▸ Problem:
Set down, character for character, everything in the records below from the line holding "(\<forall>c. \<forall>v\<in>vsp d." down to the line holding "(('k::semiring_1) vect \<Rightarrow>", and no other line.

▸ Data supplied:
(* $\ddot{\varphi}(n): \ddot{H}\ddot{B}\rightarrow \ddot{B}\ddot{H}$ is a monoidal comonad distributive law on $\overline{\mathcal{H}}^{i,j}(Vec_\Bbbk)$ for any $n \in \mathbb{Z}$ if and only if $\varphi$ is a Hom-cotwistor and, for any $a,b \in B$, $h,g \in H$, satisfies (M5) $\sum h^\varphi g^\phi \otimes a^\varphi b^\phi = \sum (hg)^\varphi \otimes (ab)^\varphi$; (M6) $\sum {1_H}^\varphi \otimes {1_B}^\varphi = 1_H \otimes 1_B$.
   Context: $\Bbbk$ is a field of characteristic $0$; all spaces are finite dimensional. For integers $i,j$, $\overline{\mathcal{H}}^{i,j}(Vec_\Bbbk)$ is the monoidal category whose objects are pairs $(X,\alpha_X)$ with $X$ a finite dimensional $\Bbbk$-space and $\alpha_X$ a linear automorphism, morphisms are linear maps commuting with the $\alpha$'s, $(X,\alpha_X)\otimes(Y,\alpha_Y)=(X\otimes Y,\alpha_X\otimes\alpha_Y)$, unit $(\Bbbk,id)$, associativity constraint $a_{X,Y,Z}((x\otimes y)\otimes z)=\alpha_X^{i+1}(x)\otimes(y\otimes\alpha_Z^{-j-1}(z))$, unit constraints $l_X(\lambda\otimes x)=\lambda\alpha_X^{j+1}(x)$, $r_X(x\otimes\lambda)=\lambda\alpha_X^{i+1}(x)$. $(B,\alpha_B)$ and $(H,\alpha_H)$ are Hom-bialgebras over $\Bbbk$ with bijective structure maps. $\ddot{B}=\_\otimes B$, $\ddot{H}=\_\otimes H$ are comonads via $\delta_X(x\otimes h)=(\alpha_X(x)\otimes h_1)\otimes\alpha_H^{-1}(h_2)$, $\epsilon_X(x\otimes h)=\varepsilon_H(h)\alpha_X^{-1}(x)$, and monoidal functors via $\ddot{H}_2(X,Y)((x\otimes a)\otimes(y\otimes b))=(x\otimes y)\otimes\alpha_H^i(a)\alpha_H^j(b)$, $\ddot{H}_0(\lambda)=\lambda\otimes 1_H$ (similarly for $B$). $\varphi:B \otimes H\rightarrow H \otimes B$, $\varphi(b\otimes h)=\sum h^\varphi\otimes b^\varphi$, is $\Bbbk$-linear with $\varphi \circ (\alpha_B \otimes \alpha_H) = (\alpha_H \otimes \alpha_B) \circ \varphi$; $\phi$ denotes another copy of $\varphi$. For $n\in\mathbb{Z}$, $\ddot{\varphi}(n)_X((x \otimes b) \otimes h)= \sum (x \otimes {\alpha_H(h)}^\varphi) \otimes \alpha_B^{n}({\alpha_B^{-n-1}(b)}^\varphi)$. $\varphi$ is a Hom-cotwistor if for all $b,h$: (M1) $\sum {{\alpha_H(h)}^\varphi}^\phi \otimes {b_1}^\phi \otimes {b_2}^\varphi = \sum \alpha_H(h^\varphi) \otimes {b^\varphi}_1 \otimes {b^\varphi}_2$; (M2) $\sum {h_1}^\varphi \otimes {h_2}^\phi \otimes { {\alpha_B(b)}^\varphi}^\phi = \sum {h^\varphi}_1 \otimes {h^\varphi}_2 \otimes \alpha_B(b^\varphi)$; (M3) $\sum \varepsilon_H(h^\varphi) b^\varphi = \varepsilon_H(h) b$; (M4) $\sum \varepsilon_B(b^\varphi) h^\varphi = \varepsilon_B(b) h$. For comonads $(F,\Delta,\varepsilon)$, $(G,\delta,\epsilon)$ (here $F=\ddot H$, $G=\ddot B$), a comonad distributive law $\psi:FG\to GF$ satisfies $\delta F\circ\psi=G\psi\circ\psi G\circ F\delta$, $G\Delta\circ\psi=\psi F\circ F\psi\circ\Delta G$, $G\varepsilon\circ\psi=\varepsilon G$, $\epsilon F\circ\psi=F\epsilon$. It is a monoidal comonad distributive law if moreover $\psi_{M\otimes N}\circ F(G_2(M,N))\circ F_2(GM,GN) = G(F_2(M,N))\circ G_2(FM,FN)\circ (\psi_M \otimes \psi_N)$ for all $M,N$, and $\psi_I \circ F(G_0) \circ F_0 = G(F_0)\circ G_0$. *)

theory Defs
  imports Main
begin

text \<open>A finite dimensional space of dimension d is modelled as k^d, i.e. the set
  of coordinate vectors nat => k vanishing at indices >= d.  The tensor product k^d (x) k^e is k^(d*e),
  with (v (x) w) at index p*e+q equal to v p * w q; in these coordinates the
  canonical reassociation X(x)(Y(x)Z) = (X(x)Y)(x)Z is the identity, and k (x) X
  = k^(1*d) = X (x) k = k^d.\<close>

type_synonym 'k vect = "nat \<Rightarrow> 'k"
type_synonym 'k lmap = "'k vect \<Rightarrow> 'k vect"
type_synonym 'k object = "nat \<times> 'k lmap"

definition vsp :: "nat \<Rightarrow> ('k::zero) vect set" where
  "vsp d = {v. \<forall>p\<ge>d. v p = 0}"

definition ebasis :: "nat \<Rightarrow> ('k::{zero,one}) vect" where
  "ebasis i = (\<lambda>p. if p = i then 1 else 0)"

definition tv :: "nat \<Rightarrow> ('k::times) vect \<Rightarrow> 'k vect \<Rightarrow> 'k vect" where
  "tv e v w = (\<lambda>p. v (p div e) * w (p mod e))"

text \<open>tensor product f (x) g of linear maps f : k^d1 -> k^e1, g : k^d2 -> k^e2\<close>
definition tmap :: "nat \<Rightarrow> nat \<Rightarrow> nat \<Rightarrow> ('k::comm_semiring_1) lmap \<Rightarrow> 'k lmap \<Rightarrow> 'k lmap" where
  "tmap d1 d2 e2 f g u = (\<lambda>p. \<Sum>q<d1*d2.
      u q * f (ebasis (q div d2)) (p div e2) * g (ebasis (q mod d2)) (p mod e2))"

definition lin :: "nat \<Rightarrow> nat \<Rightarrow> ('k::semiring_1) lmap \<Rightarrow> bool" where
  "lin d e f \<longleftrightarrow> (\<forall>v\<in>vsp d. f v \<in> vsp e)
     \<and> (\<forall>u\<in>vsp d. \<forall>v\<in>vsp d. f (\<lambda>p. u p + v p) = (\<lambda>p. f u p + f v p))
     \<and> (\<forall>c. \<forall>v\<in>vsp d. f (\<lambda>p. c * v p) = (\<lambda>p. c * f v p))"

definition linf :: "nat \<Rightarrow> (('k::semiring_1) vect \<Rightarrow> 'k) \<Rightarrow> bool" where
  "linf d c \<longleftrightarrow> (\<forall>u\<in>vsp d. \<forall>v\<in>vsp d. c (\<lambda>p. u p + v p) = c u + c v)
     \<and> (\<forall>a. \<forall>v\<in>vsp d. c (\<lambda>p. a * v p) = a * c v)"

text \<open>a linear functional viewed as a linear map into k = k^1\<close>
definition eps1 :: "(('k::zero) vect \<Rightarrow> 'k) \<Rightarrow> 'k lmap" where
  "eps1 c = (\<lambda>v p. if p = 0 then c v else 0)"

definition mapeq :: "nat \<Rightarrow> ('k::zero) lmap \<Rightarrow> 'k lmap \<Rightarrow> bool" where
  "mapeq d f g \<longleftrightarrow> (\<forall>v\<in>vsp d. f v = g v)"

definition zpow :: "nat \<Rightarrow> ('k::zero) lmap \<Rightarrow> int \<Rightarrow> 'k lmap" where
  "zpow d f i = (if 0 \<le> i then f ^^ nat i else (inv_into (vsp d) f) ^^ nat (- i))"

text \<open>the middle swap (X1(x)X2)(x)(X3(x)X4) -> (X1(x)X3)(x)(X2(x)X4)\<close>
definition sw :: "nat \<Rightarrow> nat \<Rightarrow> nat \<Rightarrow> nat \<Rightarrow> ('k::zero) lmap" where
  "sw d1 d2 d3 d4 u = (\<lambda>p. if p < d1*d3*(d2*d4) then
     u (((p div (d2*d4)) div d3 * d2 + (p mod (d2*d4)) div d4) * (d3*d4)
        + ((p div (d2*d4)) mod d3 * d4 + (p mod (d2*d4)) mod d4)) else 0)"

text \<open>product in the tensor product A1 (x) A2 of two algebras:
  (a1 (x) a2)(b1 (x) b2) = a1 b1 (x) a2 b2, extended bilinearly\<close>
definition tprod :: "nat \<Rightarrow> ('k::comm_semiring_1) lmap \<Rightarrow> nat \<Rightarrow> 'k lmap \<Rightarrow> 'k vect \<Rightarrow> 'k vect \<Rightarrow> 'k vect" where
  "tprod d1 m1 d2 m2 x y = (\<lambda>p. \<Sum>q<d1*d2. \<Sum>r<d1*d2. x q * y r *
      tv d2 (m1 (tv d1 (ebasis (q div d2)) (ebasis (r div d2))))
            (m2 (tv d2 (ebasis (q mod d2)) (ebasis (r mod d2)))) p)"

record 'k hbialg =
  hdim :: nat
  hmul :: "'k lmap"          \<comment> \<open>A (x) A -> A\<close>
  hone :: "'k vect"
  hcomul :: "'k lmap"        \<comment> \<open>A -> A (x) A\<close>
  hcounit :: "'k vect \<Rightarrow> 'k"
  halpha :: "'k lmap"

definition hom_bialgebra :: "('k::field) hbialg \<Rightarrow> bool" where
  "hom_bialgebra A \<longleftrightarrow>
    (let d = hdim A; m = hmul A; u = hone A; c = hcomul A; e = hcounit A; al = halpha A;
         mul = (\<lambda>a b. m (tv d a b)) in
     lin (d*d) d m \<and> u \<in> vsp d \<and> lin d (d*d) c \<and> linf d e \<and> lin d d al
     \<and> bij_betw al (vsp d) (vsp d)
     \<comment> \<open>Hom-associativity and Hom-unitality\<close>
     \<and> (\<forall>a\<in>vsp d. \<forall>b\<in>vsp d. \<forall>x\<in>vsp d. mul (al a) (mul b x) = mul (mul a b) (al x))
     \<and> (\<forall>a\<in>vsp d. mul u a = al a \<and> mul a u = al a)
     \<comment> \<open>Hom-coassociativity and Hom-counitality\<close>
     \<and> (\<forall>a\<in>vsp d. tmap d d (d*d) al c (c a) = tmap d d d c al (c a))
     \<and> (\<forall>a\<in>vsp d. tmap d d 1 id (eps1 e) (c a) = al a \<and> tmap d d d (eps1 e) id (c a) = al a)
     \<comment> \<open>alpha is a morphism of the structure\<close>
     \<and> (\<forall>a\<in>vsp d. \<forall>b\<in>vsp d. al (mul a b) = mul (al a) (al b)) \<and> al u = u
     \<and> (\<forall>a\<in>vsp d. c (al a) = tmap d d d al al (c a)) \<and> (\<forall>a\<in>vsp d. e (al a) = e a)
     \<comment> \<open>comultiplication and counit are algebra maps\<close>
     \<and> (\<forall>a\<in>vsp d. \<forall>b\<in>vsp d. c (mul a b) = tprod d m d m (c a) (c b)) \<and> c u = tv d u u
     \<and> (\<forall>a\<in>vsp d. \<forall>b\<in>vsp d. e (mul a b) = e a * e b) \<and> e u = 1)"

definition obj :: "('k::field) object \<Rightarrow> bool" where
  "obj X \<longleftrightarrow> lin (fst X) (fst X) (snd X) \<and> bij_betw (snd X) (vsp (fst X)) (vsp (fst X))"

definition mor :: "('k::field) object \<Rightarrow> 'k object \<Rightarrow> 'k lmap \<Rightarrow> bool" where
  "mor X Y f \<longleftrightarrow> lin (fst X) (fst Y) f \<and> (\<forall>v\<in>vsp (fst X). f (snd X v) = snd Y (f v))"

definition unit_obj :: "('k::field) object" where
  "unit_obj = (1, id)"

definition otens :: "('k::field) object \<Rightarrow> 'k object \<Rightarrow> 'k object" where
  "otens X Y = (fst X * fst Y, tmap (fst X) (fst Y) (fst Y) (snd X) (snd Y))"

text \<open>the functor _ (x) A on objects and on morphisms (d = dimension of the source)\<close>
definition fobj :: "('k::field) hbialg \<Rightarrow> 'k object \<Rightarrow> 'k object" where
  "fobj A X = (fst X * hdim A, tmap (fst X) (hdim A) (hdim A) (snd X) (halpha A))"

definition fmor :: "('k::field) hbialg \<Rightarrow> nat \<Rightarrow> 'k lmap \<Rightarrow> 'k lmap" where
  "fmor A d f = tmap d (hdim A) (hdim A) f id"

text \<open>comultiplication delta_X(x (x) h) = (alpha_X x (x) h_1) (x) alpha^-1 h_2\<close>
definition cdelta :: "('k::field) hbialg \<Rightarrow> 'k object \<Rightarrow> 'k lmap" where
  "cdelta A X = tmap (fst X) (hdim A) (hdim A * hdim A) (snd X)
     (\<lambda>h. tmap (hdim A) (hdim A) (hdim A) id (inv_into (vsp (hdim A)) (halpha A)) (hcomul A h))"

text \<open>counit epsilon_X(x (x) h) = eps(h) alpha_X^-1 x\<close>
definition cepsilon :: "('k::field) hbialg \<Rightarrow> 'k object \<Rightarrow> 'k lmap" where
  "cepsilon A X = tmap (fst X) (hdim A) 1 (inv_into (vsp (fst X)) (snd X)) (eps1 (hcounit A))"

text \<open>monoidal structure A_2(X,Y)((x (x) a) (x) (y (x) b)) = (x (x) y) (x) alpha^i(a) alpha^j(b)\<close>
definition mon2 :: "int \<Rightarrow> int \<Rightarrow> ('k::field) hbialg \<Rightarrow> 'k object \<Rightarrow> 'k object \<Rightarrow> 'k lmap" where
  "mon2 i j A X Y = tmap (fst X * fst Y) (hdim A * hdim A) (hdim A) id
      (\<lambda>c. hmul A (tmap (hdim A) (hdim A) (hdim A)
                     (zpow (hdim A) (halpha A) i) (zpow (hdim A) (halpha A) j) c))
    \<circ> sw (fst X) (hdim A) (fst Y) (hdim A)"

definition mon0 :: "('k::field) hbialg \<Rightarrow> 'k lmap" where
  "mon0 A u = tv (hdim A) u (hone A)"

▸ Written answer:
     \<and> (\<forall>c. \<forall>v\<in>vsp d. f (\<lambda>p. c * v p) = (\<lambda>p. c * f v p))"

definition linf :: "nat \<Rightarrow> (('k::semiring_1) vect \<Rightarrow> 'k) \<Rightarrow> bool" where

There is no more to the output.